What needs to be done: Below are the records; collect from them each line containing the string "metis".

Extracted data:
☆ ☆ ☆ ☆ ☆
(* Each of the ball relations $\mathbf{B}^{\infty}$ and $\mathbf{B}^{1}$ on $\mathfrak{S}\mathbb{Q}$ (with equivalence $\asymp_{\mathfrak{S}\mathbb{Q}}$) respects the equivalence and satisfies the five metric-space axioms, so that $\mathfrak{S}^\infty\mathbb{Q}$ and $\mathfrak{S}^1\mathbb{Q}$ are metric spaces. More generally, for any metric space $X$, the relation $\mathbf{B}^{\mathfrak{S}^\infty X}_\varepsilon f\,g := \mathsf{fold}_\star(\mathbf{B}^X_\varepsilon\circ f @ g)$ makes $\mathfrak{S}X$ a metric space $\mathfrak{S}^\infty X$.
   Context: Step functions. For a type $X$, $\mathfrak{S}X$ is the inductive type of (formal, rational) step functions on $[0,1]$: constructors $\mathsf{const}\ x$ ($x\in X$, written $\hat x$) and $\mathsf{glue}\ o\ f\ g$ ($o\in(0,1)\cap\mathbb{Q}$, $f,g\in\mathfrak{S}X$). Split. For $a\in(0,1)\cap\mathbb{Q}$: $\mathsf{SplitL}\ \hat x\ a := \hat x$, $\mathsf{SplitR}\ \hat x\ a:=\hat x$, and $\mathsf{SplitL}(\mathsf{glue}\ o\ f_l\ f_r)\ a :=$ $\mathsf{SplitL}\ f_l\ (a/o)$ if $a<o$; $f_l$ if $a=o$; $\mathsf{glue}\ (o/a)\ f_l\ (\mathsf{SplitL}\ f_r\ \tfrac{a-o}{1-o})$ if $a>o$. $\mathsf{SplitR}(\mathsf{glue}\ o\ f_l\ f_r)\ a :=$ $\mathsf{glue}\ \tfrac{o-a}{1-a}\ (\mathsf{SplitR}\ f_l\ (a/o))\ f_r$ if $a<o$; $f_r$ if $a=o$; $\mathsf{SplitR}\ f_r\ \tfrac{a-o}{1-o}$ if $a>o$. Map and ap. $\mathsf{map}\ \varphi\ \hat x := \widehat{\varphi x}$, $\mathsf{map}\ \varphi\ (\mathsf{glue}\ o\ f\ g):=\mathsf{glue}\ o\ (\mathsf{map}\ \varphi\ f)(\mathsf{map}\ \varphi\ g)$; $\varphi\circ x:=\mathsf{map}\ \varphi\ x$. $\hat\varphi @ x := \mathsf{map}\ \varphi\ x$, $(\mathsf{glue}\ o\ F_l\ F_r) @ x := \mathsf{glue}\ o\ (F_l @ \mathsf{SplitL}\ x\ o)\ (F_r @ \mathsf{SplitR}\ x\ o)$. $f\{\circledast\}g := (\lambda u v. u\circledast v)\circ f @ g$. Fold. $\mathsf{fold}\ \varphi\ \psi\ \hat x:=\varphi x$, $\mathsf{fold}\ \varphi\ \psi\ (\mathsf{glue}\ o\ f\ g) := \psi\ o\ (\mathsf{fold}\ \varphi\ \psi\ f)(\mathsf{fold}\ \varphi\ \psi\ g)$. $\mathsf{fold}_\star := \mathsf{fold}\ \mathrm{id}\ (\lambda o\,p\,q.\ p\wedge q)$, $\mathsf{fold}_{\sup} := \mathsf{fold}\ \mathrm{id}\ (\lambda o\,x\,y.\max x\,y)$, $\mathsf{fold}_{\mathrm{affine}} := \mathsf{fold}\ \mathrm{id}\ (\lambda o\,x\,y.\ ox+(1-o)y)$. Equivalence. For a setoid $X$, $f\asymp_{\mathfrak{S}X} g := \mathsf{fold}_\star(f\{\asymp_X\}g)$. Norms and balls. $\|f\|_\infty := \mathsf{fold}_{\sup}(\mathsf{abs}\circ f)$, $\|f\|_1 := \mathsf{fold}_{\mathrm{affine}}(\mathsf{abs}\circ f)$; for $\varepsilon\in\mathbb{Q}^+$, $\mathbf{B}^\infty_\varepsilon f\,g := \|f\{-\}g\|_\infty\le\varepsilon$ and $\mathbf{B}^1_\varepsilon f\,g:=\|f\{-\}g\|_1\le\varepsilon$. Metric space. A metric space is a setoid $(X,\asymp)$ with a respectful relation $\mathbf{B}:\mathbb{Q}^+\Rightarrow X\Rightarrow X\Rightarrow\mathrm{Prop}$ such that for all $x,y,z$ and $\varepsilon,\varepsilon_1,\varepsilon_2\in\mathbb{Q}^+$: (1) $\mathbf{B}_\varepsilon x\,x$; (2) $\mathbf{B}_\varepsilon x\,y\Rightarrow\mathbf{B}_\varepsilon y\,x$; (3) $\mathbf{B}_{\varepsilon_1}x\,y\Rightarrow\mathbf{B}_{\varepsilon_2}y\,z\Rightarrow\mathbf{B}_{\varepsilon_1+\varepsilon_2}x\,z$; (4) $(\forall\delta.\ \varepsilon<\delta\Rightarrow\mathbf{B}_\delta x\,y)\Rightarrow\mathbf{B}_\varepsilon x\,y$; (5) $(\forall\varepsilon.\ \mathbf{B}_\varepsilon x\,y)\Rightarrow x\asymp y$. $\mathbb{Q}$ has $\mathbf{B}_\varepsilon x\,y := |x-y|\le\varepsilon$. *)

theory Defs
  imports Main "HOL.Rat"
begin

typedef ounit = "{q::rat. 0 < q \<and> q < 1}"
  by (rule exI[of _ "1/2"]) simp

datatype 'a stepfun = Const 'a | Glue ounit "'a stepfun" "'a stepfun"

(* a / c, for a < c *)
definition div_ou :: "ounit \<Rightarrow> ounit \<Rightarrow> ounit" where
  "div_ou a c = Abs_ounit (Rep_ounit a / Rep_ounit c)"

(* (a - c) / (1 - c), for a > c *)
definition rescale_ou :: "ounit \<Rightarrow> ounit \<Rightarrow> ounit" where
  "rescale_ou a c = Abs_ounit ((Rep_ounit a - Rep_ounit c) / (1 - Rep_ounit c))"

primrec splitL :: "'a stepfun \<Rightarrow> ounit \<Rightarrow> 'a stepfun" where
  "splitL (Const x) a = Const x"
| "splitL (Glue c fl fr) a =
     (if Rep_ounit a < Rep_ounit c then splitL fl (div_ou a c)
      else if Rep_ounit a = Rep_ounit c then fl
      else Glue (div_ou c a) fl (splitL fr (rescale_ou a c)))"

primrec splitR :: "'a stepfun \<Rightarrow> ounit \<Rightarrow> 'a stepfun" where
  "splitR (Const x) a = Const x"
| "splitR (Glue c fl fr) a =
     (if Rep_ounit a < Rep_ounit c then
        Glue (Abs_ounit ((Rep_ounit c - Rep_ounit a) / (1 - Rep_ounit a)))
             (splitR fl (div_ou a c)) fr
      else if Rep_ounit a = Rep_ounit c then fr
      else splitR fr (rescale_ou a c))"

primrec sf_map :: "('a \<Rightarrow> 'b) \<Rightarrow> 'a stepfun \<Rightarrow> 'b stepfun" where
  "sf_map \<phi> (Const x) = Const (\<phi> x)"
| "sf_map \<phi> (Glue c f g) = Glue c (sf_map \<phi> f) (sf_map \<phi> g)"

primrec sf_ap :: "('a \<Rightarrow> 'b) stepfun \<Rightarrow> 'a stepfun \<Rightarrow> 'b stepfun" where
  "sf_ap (Const \<phi>) x = sf_map \<phi> x"
| "sf_ap (Glue c Fl Fr) x = Glue c (sf_ap Fl (splitL x c)) (sf_ap Fr (splitR x c))"

definition sf_binop :: "('a \<Rightarrow> 'b \<Rightarrow> 'c) \<Rightarrow> 'a stepfun \<Rightarrow> 'b stepfun \<Rightarrow> 'c stepfun" where
  "sf_binop op f g = sf_ap (sf_map (\<lambda>u v. op u v) f) g"

primrec sf_fold :: "('a \<Rightarrow> 'b) \<Rightarrow> (rat \<Rightarrow> 'b \<Rightarrow> 'b \<Rightarrow> 'b) \<Rightarrow> 'a stepfun \<Rightarrow> 'b" where
  "sf_fold \<phi> \<psi> (Const x) = \<phi> x"
| "sf_fold \<phi> \<psi> (Glue c f g) = \<psi> (Rep_ounit c) (sf_fold \<phi> \<psi> f) (sf_fold \<phi> \<psi> g)"

definition fold_star :: "bool stepfun \<Rightarrow> bool" where
  "fold_star = sf_fold id (\<lambda>c p q. p \<and> q)"

definition fold_sup :: "rat stepfun \<Rightarrow> rat" where
  "fold_sup = sf_fold id (\<lambda>c x y. max x y)"

definition fold_affine :: "rat stepfun \<Rightarrow> rat" where
  "fold_affine = sf_fold id (\<lambda>c x y. c * x + (1 - c) * y)"

definition sf_equiv :: "('a \<Rightarrow> 'a \<Rightarrow> bool) \<Rightarrow> 'a stepfun \<Rightarrow> 'a stepfun \<Rightarrow> bool" where
  "sf_equiv eq f g = fold_star (sf_binop eq f g)"

definition norm_inf :: "rat stepfun \<Rightarrow> rat" where
  "norm_inf f = fold_sup (sf_map abs f)"

definition norm_1 :: "rat stepfun \<Rightarrow> rat" where
  "norm_1 f = fold_affine (sf_map abs f)"

definition ball_inf :: "rat \<Rightarrow> rat stepfun \<Rightarrow> rat stepfun \<Rightarrow> bool" where
  "ball_inf e f g = (norm_inf (sf_binop (-) f g) \<le> e)"

definition ball_1 :: "rat \<Rightarrow> rat stepfun \<Rightarrow> rat stepfun \<Rightarrow> bool" where
  "ball_1 e f g = (norm_1 (sf_binop (-) f g) \<le> e)"

definition ball_sup_lift :: "(rat \<Rightarrow> 'a \<Rightarrow> 'a \<Rightarrow> bool) \<Rightarrow> rat \<Rightarrow> 'a stepfun \<Rightarrow> 'a stepfun \<Rightarrow> bool" where
  "ball_sup_lift B e f g = fold_star (sf_ap (sf_map (B e) f) g)"

definition is_metric_space :: "('a \<Rightarrow> 'a \<Rightarrow> bool) \<Rightarrow> (rat \<Rightarrow> 'a \<Rightarrow> 'a \<Rightarrow> bool) \<Rightarrow> bool" where
  "is_metric_space eq B \<longleftrightarrow>
     equivp eq \<and>
     (\<forall>e x x' y y'. 0 < e \<longrightarrow> eq x x' \<longrightarrow> eq y y' \<longrightarrow> (B e x y \<longleftrightarrow> B e x' y')) \<and>
     (\<forall>e x. 0 < e \<longrightarrow> B e x x) \<and>
     (\<forall>e x y. 0 < e \<longrightarrow> B e x y \<longrightarrow> B e y x) \<and>
     (\<forall>e1 e2 x y z. 0 < e1 \<longrightarrow> 0 < e2 \<longrightarrow> B e1 x y \<longrightarrow> B e2 y z \<longrightarrow> B (e1 + e2) x z) \<and>
     (\<forall>e x y. 0 < e \<longrightarrow> (\<forall>d. 0 < d \<longrightarrow> e < d \<longrightarrow> B d x y) \<longrightarrow> B e x y) \<and>
     (\<forall>x y. (\<forall>e. 0 < e \<longrightarrow> B e x y) \<longrightarrow> eq x y)"

definition ball_rat :: "rat \<Rightarrow> rat \<Rightarrow> rat \<Rightarrow> bool" where
  "ball_rat e x y = (\<bar>x - y\<bar> \<le> e)"

end
lemma reflected_recursion_solution:
  fixes M N :: "nat \<Rightarrow> nat \<Rightarrow> nat \<Rightarrow> 'a"
  assumes sol: "is_recursion_solution r M N" and r': "\<forall>j\<ge>1. r' j = st (r j)"
  shows "is_recursion_solution r'
    (\<lambda>j a b. st (N j (j + 2 - b) (j + 1 - a))) (\<lambda>j a b. st (M j (j + 1 - b) (j + 2 - a)))"
    (is "is_recursion_solution r' ?M ?N")
proof (rule recursion_solutionI)
  fix j a :: nat assume a: "1 \<le> a" "a \<le> j"
  show "?M j a (a + 1) = 1"
    using recursion_solution_N_diag[OF sol, of "j + 1 - a" j] a by (simp add: anti_one)
  show "?N j a a = 1"
    using recursion_solution_M_superdiag[OF sol, of "j + 1 - a" j] a by (simp add: anti_one Suc_diff_le)
next
  fix j a b :: nat assume "1 \<le> a" "a \<le> j" "a + 1 < b" "b \<le> j + 1"
  then show "?M j a b = 0"
    using recursion_solution_N_upper[OF sol, of "j + 2 - b" j "j + 1 - a"] by (simp add: anti_zero)
next
  fix j a b :: nat assume "1 \<le> a" "a \<le> j + 1" "a < b" "b \<le> j"
  then show "?N j a b = 0"
    using recursion_solution_M_upper[OF sol, of "j + 1 - b" j "j + 2 - a"] by (simp add: anti_zero)
next
  fix j a c :: nat
  assume j: "1 \<le> j" and a: "1 \<le> a" "a \<le> j" and c: "1 \<le> c" "c \<le> j"
  have "mmul (j + 1) (?M j) (?N j) a c = st (mmul (j + 1) (M j) (N j) (j + 1 - c) (j + 1 - a))"
    by (rule mmul_anti) auto
  moreover have "mmul (j - 1) (?N (j - 1)) (?M (j - 1)) a c =
      st (mmul (j - 1) (N (j - 1)) (M (j - 1)) (j + 1 - c) (j + 1 - a))"
    using j by (intro mmul_anti) auto
  moreover have "st (if j + 1 - c = j \<and> j + 1 - a = 1 then r j else 0) =
      (if a = j \<and> c = 1 then r' j else 0)"
    using r' j a c by (auto simp: anti_zero)
  ultimately show "mmul (j + 1) (?M j) (?N j) a c =
      mmul (j - 1) (?N (j - 1)) (?M (j - 1)) a c + (if a = j \<and> c = 1 then r' j else 0)"
    using recursion_solution_MN[OF sol j, of "j + 1 - c" "j + 1 - a"] a c by (simp add: anti_add)
next
  fix j a c :: nat
  assume j: "1 \<le> j" and a: "1 \<le> a" "a \<le> j + 1" and c: "1 \<le> c" "c \<le> j + 1"
  have NME: "NM_minus_E ?M ?N j x y = st (NM_minus_E M N j (j + 2 - y) (j + 2 - x))"
    if "1 \<le> x" "x \<le> j + 1" "1 \<le> y" "y \<le> j + 1" for x y
  proof -
    have "mmul j (?N j) (?M j) x y = st (mmul j (N j) (M j) (j + 2 - y) (j + 2 - x))"
      by (rule mmul_anti) auto
    moreover have "Emat (j + 1) x y = st (Emat (j + 1) (j + 2 - y) (j + 2 - x))"
      using that by (auto simp: Emat_def anti_one anti_zero)
    ultimately show ?thesis
      unfolding NM_minus_E_def anti_diff by simp
  qed
  have "mmul (j + 1) (NM_minus_E ?M ?N j) (Fmat (j + 1)) a c =
      st (mmul (j + 1) (Fmat (j + 1)) (NM_minus_E M N j) (j + 2 - c) (j + 2 - a))"
    using a c NME[of a] Fmat_reflect[of _ "j + 1" c] by (intro mmul_anti) (auto simp: anti_Fmat)
  moreover have "mmul (j + 1) (Fmat (j + 1)) (NM_minus_E ?M ?N j) a c =
      st (mmul (j + 1) (NM_minus_E M N j) (Fmat (j + 1)) (j + 2 - c) (j + 2 - a))"
    using a c NME[of _ c] Fmat_reflect[of a "j + 1"] by (intro mmul_anti) (auto simp: anti_Fmat)
  ultimately show "mmul (j + 1) (NM_minus_E ?M ?N j) (Fmat (j + 1)) a c =
      mmul (j + 1) (Fmat (j + 1)) (NM_minus_E ?M ?N j) a c"
    using recursion_solution_commute_F[OF sol j, of "j + 2 - c" "j + 2 - a"] a c by simp
qed
lemma fragment_shape:
  assumes "is_fragment I F"
  obtains a M b where "F = a # M @ [b]" and "a \<in> key_nodes I" and "b \<in> key_nodes I"
    and "set M \<subseteq> tasks I"
proof
  show "F = hd F # butlast (tl F) @ [last F]" and "hd F \<in> key_nodes I" "last F \<in> key_nodes I"
    using assms hd_butlast_tl_last[of F] unfolding is_fragment_def by auto
  show "set (butlast (tl F)) \<subseteq> tasks I"
  proof
    fix x assume "x \<in> set (butlast (tl F))"
    then obtain k where "k < length (butlast (tl F))" and "x = butlast (tl F) ! k"
      by (auto simp: in_set_conv_nth)
    then have "Suc k < length F - 1" and "x = F ! Suc k"
      by (auto simp: nth_butlast nth_tl)
    then show "x \<in> tasks I"
      using assms unfolding is_fragment_def by auto
  qed
qed

lemma fragment_in_nodes:
  assumes "is_fragment I F"
  shows "set F \<subseteq> nodes I"
proof -
  obtain a M b where "F = a # M @ [b]" and "a \<in> key_nodes I" "b \<in> key_nodes I"
    and "set M \<subseteq> tasks I"
    using fragment_shape[OF assms] by metis
  moreover have "key_nodes I \<subseteq> nodes I"
    unfolding key_nodes_def nodes_def dep_tasks_def by auto
  ultimately show ?thesis
    by (auto simp: nodes_def)
qed

lemma length_fragment_le:
  assumes "is_fragment I F"
  shows "length F \<le> ntasks I + 2"
proof -
  obtain a M b where F: "F = a # M @ [b]" and M: "set M \<subseteq> tasks I"
    using fragment_shape[OF assms] by metis
  have "distinct (filter (\<lambda>v. v \<in> tasks I) (a # M @ [b]))"
    using assms F unfolding is_fragment_def by auto
  then have "distinct (filter (\<lambda>v. v \<in> tasks I) M)"
    by (auto split: if_split_asm)
  then have "distinct M"
    using M by (simp add: filter_id_conv subset_iff)
  then have "length M \<le> card (tasks I)"
    using M by (metis card_mono distinct_card finite_atLeastAtMost tasks_def)
  then show ?thesis
    using F by (simp add: tasks_def)
qed

lemma finite_fragments: "finite (fragments I)"
proof (rule finite_subset)
  show "fragments I \<subseteq> {xs. set xs \<subseteq> nodes I \<and> length xs \<le> ntasks I + 2}"
    using fragment_in_nodes length_fragment_le unfolding fragments_def by blast
  show "finite {xs. set xs \<subseteq> nodes I \<and> length xs \<le> ntasks I + 2}"
    by (rule finite_lists_length_le) (simp add: nodes_def tasks_def)
qed

lemma sum_delta_in_le_sum_a_coef:
  fixes x :: "nat list \<Rightarrow> real"
  assumes "\<forall>F\<in>fragments I. 0 \<le> x F"
  shows "(\<Sum>F\<in>delta_in I S. x F) \<le> (\<Sum>F\<in>fragments I. real (a_coef S F) * x F)"
proof -
  have sub: "delta_in I S \<subseteq> fragments I"
    unfolding delta_in_def by auto
  have "(\<Sum>F\<in>delta_in I S. x F) \<le> (\<Sum>F\<in>delta_in I S. real (a_coef S F) * x F)"
  proof (rule sum_mono)
    fix F assume F: "F \<in> delta_in I S"
    then have "1 \<le> real (a_coef S F)"
      using a_coef_pos unfolding delta_in_def by auto
    moreover have "0 \<le> x F"
      using assms F sub by auto
    ultimately show "x F \<le> real (a_coef S F) * x F"
      using mult_right_mono[of 1 "real (a_coef S F)" "x F"] by simp
  qed
  also have "\<dots> \<le> (\<Sum>F\<in>fragments I. real (a_coef S F) * x F)"
    using assms by (intro sum_mono2[OF finite_fragments sub]) auto
  finally show ?thesis .
qed

lemma take_append_segment_drop: "r = take i r @ take n (drop i r) @ drop (i + n) r"
  by (metis append.assoc append_take_drop_id drop_drop take_add add.commute)

lemma set_route_frag_subset: "F \<in> route_frags I r \<Longrightarrow> set F \<subseteq> set r"
  unfolding route_frags_def by (auto dest: in_set_takeD in_set_dropD)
☆ ☆ ☆ ☆ ☆
Written answer:
    using fragment_shape[OF assms] by metis
    using fragment_shape[OF assms] by metis
    using M by (metis card_mono distinct_card finite_atLeastAtMost tasks_def)
  by (metis append.assoc append_take_drop_id drop_drop take_add add.commute)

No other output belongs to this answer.